• The task: Go through the entries below. Copy out every line that contains "symmetric".

☆ ☆ ☆

(* Let $\mathcal D=\{(x_i,a_i^w,a_i^l)\}_{i=1}^n$ be a finite set of preference pairs ($a_i^w$ preferred to $a_i^l$) and $\Gamma:\mathcal X\times\mathcal A\to\mathbb R$ any function. For a policy $\pi$ with $\pi(a|x)>0$ for all $(x,a)$ define $$\mathcal L(\pi)=\sum_{i=1}^n\log\sigma\Big(\eta\log\frac{\pi(a_i^w|x_i)}{\pi_0(a_i^w|x_i)}-\eta\log\frac{\pi(a_i^l|x_i)}{\pi_0(a_i^l|x_i)}+\Gamma(x_i,a_i^w)-\Gamma(x_i,a_i^l)\Big),$$ and for a function $r:\mathcal X\times\mathcal A\to\mathbb R$ define $\ell(r)=\sum_{i=1}^n\log\sigma(r(x_i,a_i^w)-r(x_i,a_i^l))$. Then: (a) a full-support policy $\pi$ maximizes $\mathcal L$ over all full-support policies if and only if $r_\pi(x,a):=\eta\log\frac{\pi(a|x)}{\pi_0(a|x)}+\Gamma(x,a)$ maximizes $\ell$ over all functions $r$; (b) if $r^\dagger$ maximizes $\ell$ over all functions $r$, then the policy $\hat\pi(a|x)\propto\pi_0(a|x)\exp\big((r^\dagger(x,a)-\Gamma(x,a))/\eta\big)$ (i.e. the maximizer of $\mathbb E_{x,a\sim\pi}[r^\dagger(x,a)-\Gamma(x,a)]-\eta\,\mathbb E_x\mathrm{KL}(\pi(\cdot|x)\|\pi_0(\cdot|x))$) maximizes $\mathcal L$.
   Context: $\mathcal X$ prompts, $\mathcal A$ a finite set of responses; $\pi_0$ a reference policy with $\pi_0(a|x)>0$ for all $(x,a)$; $\eta>0$; $\sigma(z)=1/(1+e^{-z})$. *)

theory Defs
  imports Complex_Main
begin

definition sigmoid :: "real \<Rightarrow> real" where
  "sigmoid z = 1 / (1 + exp (- z))"

definition full_support_policy :: "('x \<Rightarrow> 'a::finite \<Rightarrow> real) \<Rightarrow> bool" where
  "full_support_policy p \<longleftrightarrow> (\<forall>x a. p x a > 0) \<and> (\<forall>x. (\<Sum>a\<in>UNIV. p x a) = 1)"

definition L_obj :: "real \<Rightarrow> ('x \<Rightarrow> 'a \<Rightarrow> real) \<Rightarrow> ('x \<Rightarrow> 'a \<Rightarrow> real)
    \<Rightarrow> ('x \<times> 'a \<times> 'a) list \<Rightarrow> ('x \<Rightarrow> 'a \<Rightarrow> real) \<Rightarrow> real" where
  "L_obj eta p0 Gamma D p =
     (\<Sum>(x, aw, al)\<leftarrow>D. ln (sigmoid (eta * ln (p x aw / p0 x aw) - eta * ln (p x al / p0 x al)
                                      + Gamma x aw - Gamma x al)))"

definition ell :: "('x \<times> 'a \<times> 'a) list \<Rightarrow> ('x \<Rightarrow> 'a \<Rightarrow> real) \<Rightarrow> real" where
  "ell D r = (\<Sum>(x, aw, al)\<leftarrow>D. ln (sigmoid (r x aw - r x al)))"

definition r_pol :: "real \<Rightarrow> ('x \<Rightarrow> 'a \<Rightarrow> real) \<Rightarrow> ('x \<Rightarrow> 'a \<Rightarrow> real)
    \<Rightarrow> ('x \<Rightarrow> 'a \<Rightarrow> real) \<Rightarrow> 'x \<Rightarrow> 'a \<Rightarrow> real" where
  "r_pol eta p0 Gamma p x a = eta * ln (p x a / p0 x a) + Gamma x a"

definition pi_hat :: "real \<Rightarrow> ('x \<Rightarrow> 'a::finite \<Rightarrow> real) \<Rightarrow> ('x \<Rightarrow> 'a \<Rightarrow> real)
    \<Rightarrow> ('x \<Rightarrow> 'a \<Rightarrow> real) \<Rightarrow> 'x \<Rightarrow> 'a \<Rightarrow> real" where
  "pi_hat eta p0 Gamma r x a =
     p0 x a * exp ((r x a - Gamma x a) / eta) /
     (\<Sum>b\<in>UNIV. p0 x b * exp ((r x b - Gamma x b) / eta))"

end

theory Submission
  imports Defs
begin

text \<open>L(p) = ell(r_pol p). Every reward is, up to a prompt-dependent constant (to which ell is
  blind, since it only sees reward differences at a common prompt), the implicit reward of
  the Gibbs policy pi_hat; so the values of L over full-support policies are exactly the
  values of ell over all rewards, and maximizers correspond.\<close>

lemma L_obj_eq_ell_r_pol: "L_obj eta p0 Gamma D p = ell D (r_pol eta p0 Gamma p)"
  unfolding L_obj_def ell_def r_pol_def
  by (rule arg_cong[where f=sum_list], rule map_cong) (auto simp: algebra_simps)

lemma ell_shift_prompt: "ell D (\<lambda>x a. r x a - c x) = ell D r"
  unfolding ell_def
  by (rule arg_cong[where f=sum_list], rule map_cong) (auto simp: algebra_simps)

lemma gibbs_normalizer_pos:
  fixes p0 :: "'x \<Rightarrow> 'a::finite \<Rightarrow> real"
  assumes "\<And>a. p0 x a > 0"
  shows "(\<Sum>b\<in>UNIV. p0 x b * exp ((r x b - Gamma x b) / eta)) > 0"
  using assms by (intro sum_pos) auto

lemma full_support_policy_pi_hat:
  fixes p0 :: "'x \<Rightarrow> 'a::finite \<Rightarrow> real"
  assumes "\<And>x a. p0 x a > 0"
  shows "full_support_policy (pi_hat eta p0 Gamma r)"
  unfolding full_support_policy_def pi_hat_def
proof (intro conjI allI)
  fix x a
  show "0 < p0 x a * exp ((r x a - Gamma x a) / eta) /
        (\<Sum>b\<in>UNIV. p0 x b * exp ((r x b - Gamma x b) / eta))"
    using gibbs_normalizer_pos[of p0 x r Gamma eta] assms by simp
next
  fix x
  show "(\<Sum>a\<in>UNIV. p0 x a * exp ((r x a - Gamma x a) / eta) /
        (\<Sum>b\<in>UNIV. p0 x b * exp ((r x b - Gamma x b) / eta))) = 1"
    using gibbs_normalizer_pos[of p0 x r Gamma eta] assms
    by (simp add: sum_divide_distrib[symmetric])
qed

lemma r_pol_pi_hat:
  fixes p0 :: "'x \<Rightarrow> 'a::finite \<Rightarrow> real"
  assumes p0_pos: "\<And>x a. p0 x a > 0" and "eta \<noteq> 0"
  shows "r_pol eta p0 Gamma (pi_hat eta p0 Gamma r) =
    (\<lambda>x a. r x a - eta * ln (\<Sum>b\<in>UNIV. p0 x b * exp ((r x b - Gamma x b) / eta)))"
proof (intro ext)
  fix x a
  define Z where "Z = (\<Sum>b\<in>UNIV. p0 x b * exp ((r x b - Gamma x b) / eta))"
  have "Z > 0"
    unfolding Z_def using p0_pos by (rule gibbs_normalizer_pos)
  have "pi_hat eta p0 Gamma r x a / p0 x a = exp ((r x a - Gamma x a) / eta) / Z"
    unfolding pi_hat_def Z_def[symmetric] using p0_pos[of x a] by simp
  then have "ln (pi_hat eta p0 Gamma r x a / p0 x a) = (r x a - Gamma x a) / eta - ln Z"
    using \<open>Z > 0\<close> by (simp add: ln_div)
  then show "r_pol eta p0 Gamma (pi_hat eta p0 Gamma r) x a = r x a - eta * ln Z"
    unfolding r_pol_def using \<open>eta \<noteq> 0\<close> by (simp add: field_simps)
qed

lemma L_obj_pi_hat:
  fixes p0 :: "'x \<Rightarrow> 'a::finite \<Rightarrow> real"
  assumes "\<And>x a. p0 x a > 0" and "eta \<noteq> 0"
  shows "L_obj eta p0 Gamma D (pi_hat eta p0 Gamma r) = ell D r"
  unfolding L_obj_eq_ell_r_pol r_pol_pi_hat[OF assms] by (rule ell_shift_prompt)

theorem proposition1:
  fixes eta :: real
    and p0 :: "'x \<Rightarrow> 'a::finite \<Rightarrow> real"
    and Gamma :: "'x \<Rightarrow> 'a \<Rightarrow> real"
    and D :: "('x \<times> 'a \<times> 'a) list"
  assumes eta_pos: "eta > 0"
    and p0: "full_support_policy p0"
  shows "(\<forall>p. full_support_policy p \<longrightarrow>
            ((\<forall>p'. full_support_policy p' \<longrightarrow> L_obj eta p0 Gamma D p' \<le> L_obj eta p0 Gamma D p)
             \<longleftrightarrow> (\<forall>r. ell D r \<le> ell D (r_pol eta p0 Gamma p))))
       \<and> (\<forall>rd. (\<forall>r. ell D r \<le> ell D rd) \<longrightarrow>
            full_support_policy (pi_hat eta p0 Gamma rd) \<and>
            (\<forall>p'. full_support_policy p' \<longrightarrow>
               L_obj eta p0 Gamma D p' \<le> L_obj eta p0 Gamma D (pi_hat eta p0 Gamma rd)))"
proof -
  have p0_pos: "\<And>x a. p0 x a > 0"
    using p0 unfolding full_support_policy_def by blast
  have eta: "eta \<noteq> 0" using eta_pos by simp
  have pi_hat_policy: "full_support_policy (pi_hat eta p0 Gamma r)" for r
    using p0_pos by (rule full_support_policy_pi_hat)
  have L_bounded_iff: "(\<forall>p'. full_support_policy p' \<longrightarrow> L_obj eta p0 Gamma D p' \<le> v)
      \<longleftrightarrow> (\<forall>r. ell D r \<le> v)" for v
  proof
    assume L_bounded: "\<forall>p'. full_support_policy p' \<longrightarrow> L_obj eta p0 Gamma D p' \<le> v"
    show "\<forall>r. ell D r \<le> v"
    proof
      fix r
      have "ell D r = L_obj eta p0 Gamma D (pi_hat eta p0 Gamma r)"
        using p0_pos eta by (rule L_obj_pi_hat[symmetric])
      also have "\<dots> \<le> v"
        using L_bounded pi_hat_policy by blast
      finally show "ell D r \<le> v" .
    qed
  qed (simp add: L_obj_eq_ell_r_pol)
  show ?thesis
    unfolding L_bounded_iff
    using L_obj_pi_hat[of p0, OF p0_pos eta]
    by (simp add: L_obj_eq_ell_r_pol[symmetric] pi_hat_policy)
qed

end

☆ ☆ ☆

• Answer space:
    by (simp add: sum_divide_distrib[symmetric])
    unfolding pi_hat_def Z_def[symmetric] using p0_pos[of x a] by simp
        using p0_pos eta by (rule L_obj_pi_hat[symmetric])
    by (simp add: L_obj_eq_ell_r_pol[symmetric] pi_hat_policy)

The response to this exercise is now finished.